### Task statement
Repeat word for word, please, only the lines from the one that includes "then show ?thesis using x unfolding" through the final line of the data.

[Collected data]
lemma simple_boundary_rooted_map: "simple_boundary P \<Longrightarrow> rooted_map P"
  unfolding simple_boundary_def rooted_planar_map_def by blast

lemma simple_boundary_vertex_enters_root_face_once:
  assumes "simple_boundary P" "z \<in> orbit (sigma P) d" "z' \<in> orbit (sigma P) d"
    and "sigma P z \<in> root_face P" "sigma P z' \<in> root_face P"
  shows "z = z'"
proof -
  have s: "permutation (sigma P)" using sigma_permutation simple_boundary_rooted_map assms(1) by blast
  have "orbit (sigma P) (sigma P z) = orbit (sigma P) (sigma P z')"
    using orbit_eq_if_in_orbit[OF s] assms(2,3) by (simp add: permutation_orbit_step[OF s])
  then have "sigma P z = sigma P z'"
    using assms(1,4,5) unfolding simple_boundary_def by (auto dest: inj_onD)
  then show ?thesis using permutation_permutes[of "sigma P"] s permutes_inj inj_eq by metis
qed

text \<open>An embedding only commutes with the face permutation on interior darts, so a
  boundary dart is compared through its opposite dart, which is interior when the boundary
  is simple.\<close>
definition embeddings_agree_at :: "'a cmap \<Rightarrow> ('a \<Rightarrow> 'b) \<Rightarrow> ('a \<Rightarrow> 'b) \<Rightarrow> 'a \<Rightarrow> bool" where
  "embeddings_agree_at P \<psi>1 \<psi>2 d \<longleftrightarrow>
     (if d \<in> root_face P then \<psi>1 (alpha P d) = \<psi>2 (alpha P d) else \<psi>1 d = \<psi>2 d)"

context
  fixes P :: "'a cmap" and M :: "'b cmap" and \<psi>1 \<psi>2 :: "'a \<Rightarrow> 'b"
  assumes P: "simple_boundary P" and M: "rooted_map M"
    and \<psi>1: "occ_embedding P M \<psi>1" and \<psi>2: "occ_embedding P M \<psi>2"
begin

private abbreviation "agree \<equiv> embeddings_agree_at P \<psi>1 \<psi>2"

private lemma rooted_P: "rooted_map P"
  using simple_boundary_rooted_map[OF P] .

private lemma alpha_commute:
  "d \<in> darts P \<Longrightarrow> \<psi>1 (alpha P d) = alpha M (\<psi>1 d) \<and> \<psi>2 (alpha P d) = alpha M (\<psi>2 d)"
  using \<psi>1 \<psi>2 unfolding occ_embedding_def by blast

private lemma phi_commute:
  "d \<in> interior_darts P \<Longrightarrow> \<psi>1 (phi P d) = phi M (\<psi>1 d) \<and> \<psi>2 (phi P d) = phi M (\<psi>2 d)"
  using \<psi>1 \<psi>2 unfolding occ_embedding_def by blast

lemma embeddings_agree_at_alpha:
  assumes "d \<in> darts P" "agree d"
  shows "agree (alpha P d)"
proof -
  have inv: "alpha P (alpha P d) = d" using rooted_P assms(1) unfolding rooted_map_def by blast
  have "alpha P d \<notin> root_face P" if "d \<in> root_face P"
    using P that unfolding simple_boundary_def by blast
  moreover have "\<psi>1 (alpha P d) = \<psi>2 (alpha P d)" if "\<psi>1 d = \<psi>2 d"
    using that alpha_commute[OF assms(1)] by simp
  ultimately show ?thesis
    using assms(2) inv unfolding embeddings_agree_at_def by (cases "d \<in> root_face P") auto
qed

lemma embeddings_agree_at_sigma_iff:
  assumes y: "y \<in> darts P" "sigma P y \<notin> root_face P"
  shows "agree (sigma P y) \<longleftrightarrow> agree y"
proof -
  define a where "a = alpha P y"
  have a: "a \<in> darts P" using rooted_P y(1) permutes_in_image
    unfolding rooted_map_def a_def by metis
  have sy: "sigma P y = phi P a" using sigma_eq_phi_alpha[OF rooted_P y(1)] a_def by simp
  then have aR: "a \<notin> root_face P" using phi_in_root_face_iff[OF rooted_P] y(2) by simp
  have injM: "inj (phi M)" "inj (alpha M)"
    using M phi_permutes permutes_inj unfolding rooted_map_def by blast+
  have "agree (sigma P y) \<longleftrightarrow> \<psi>1 (phi P a) = \<psi>2 (phi P a)"
    using y(2) sy unfolding embeddings_agree_at_def by simp
  also have "\<dots> \<longleftrightarrow> \<psi>1 a = \<psi>2 a"
    using phi_commute a aR injM(1) by (simp add: inj_eq)
  also have "\<dots> \<longleftrightarrow> agree y"
    using alpha_commute[OF y(1)] injM(2) unfolding embeddings_agree_at_def a_def
    by (cases "y \<in> root_face P") (simp_all add: inj_eq)
  finally show ?thesis .
qed

text \<open>Around a vertex of \<open>P\<close> the rotation leaves the interior at most once, and the
  previous lemma lets agreement pass every other step of the rotation.\<close>
lemma embeddings_agree_at_sigma:
  assumes d: "d \<in> darts P" "agree d"
  shows "agree (sigma P d)"
proof -
  have s: "permutation (sigma P)" using sigma_permutation[OF rooted_P] .
  have orbit_darts: "orbit (sigma P) d \<subseteq> darts P"
    using permutes_orbit_subset[OF _ d(1)] rooted_P by (simp add: rooted_map_def)
  obtain y0 where y0: "\<And>z. z \<in> orbit (sigma P) d \<Longrightarrow> sigma P z \<in> root_face P \<Longrightarrow> z = y0"
  proof (cases "\<exists>z\<in>orbit (sigma P) d. sigma P z \<in> root_face P")
    case True
    then obtain z1 where "z1 \<in> orbit (sigma P) d" "sigma P z1 \<in> root_face P" by blast
    then show ?thesis
      using that[of z1] simple_boundary_vertex_enters_root_face_once[OF P] by presburger
  qed (use that[of d] in blast)
  have step: "agree (sigma P z) \<longleftrightarrow> agree z" if "z \<in> orbit (sigma P) d" "z \<noteq> y0" for z
  proof (rule embeddings_agree_at_sigma_iff)
    show "z \<in> darts P" using that(1) orbit_darts by blast
    show "sigma P z \<notin> root_face P" using that y0 by blast
  qed
  show ?thesis
    using orbit_invariant_except_one_step[where g = agree, OF s step
        permutation_self_in_orbit[OF s] orbit.base[of "sigma P" d] d(2)] .
qed

theorem occ_embedding_unique:
  assumes x0: "x0 \<in> interior_darts P" "\<psi>1 x0 = \<psi>2 x0"
    and x: "x \<in> interior_darts P"
  shows "\<psi>1 x = \<psi>2 x"
proof -
  let ?E = "{(a, b). a \<in> darts P \<and> (b = alpha P a \<or> b = sigma P a)}"
  have "(x0, x) \<in> ?E\<^sup>*"
  proof -
    have "connected_map P" using rooted_P by (simp add: rooted_map_def)
    then show ?thesis using x0(1) x unfolding connected_map_def by blast
  qed
  then have "agree x"
  proof (induction rule: rtrancl_induct)
    case base
    then show ?case using x0 unfolding embeddings_agree_at_def by simp
  next
    case (step a b)
    then show ?case using embeddings_agree_at_alpha embeddings_agree_at_sigma by blast
  qed
  then show ?thesis using x unfolding embeddings_agree_at_def by simp
qed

### Solved problem
  then show ?thesis using x unfolding embeddings_agree_at_def by simp
qed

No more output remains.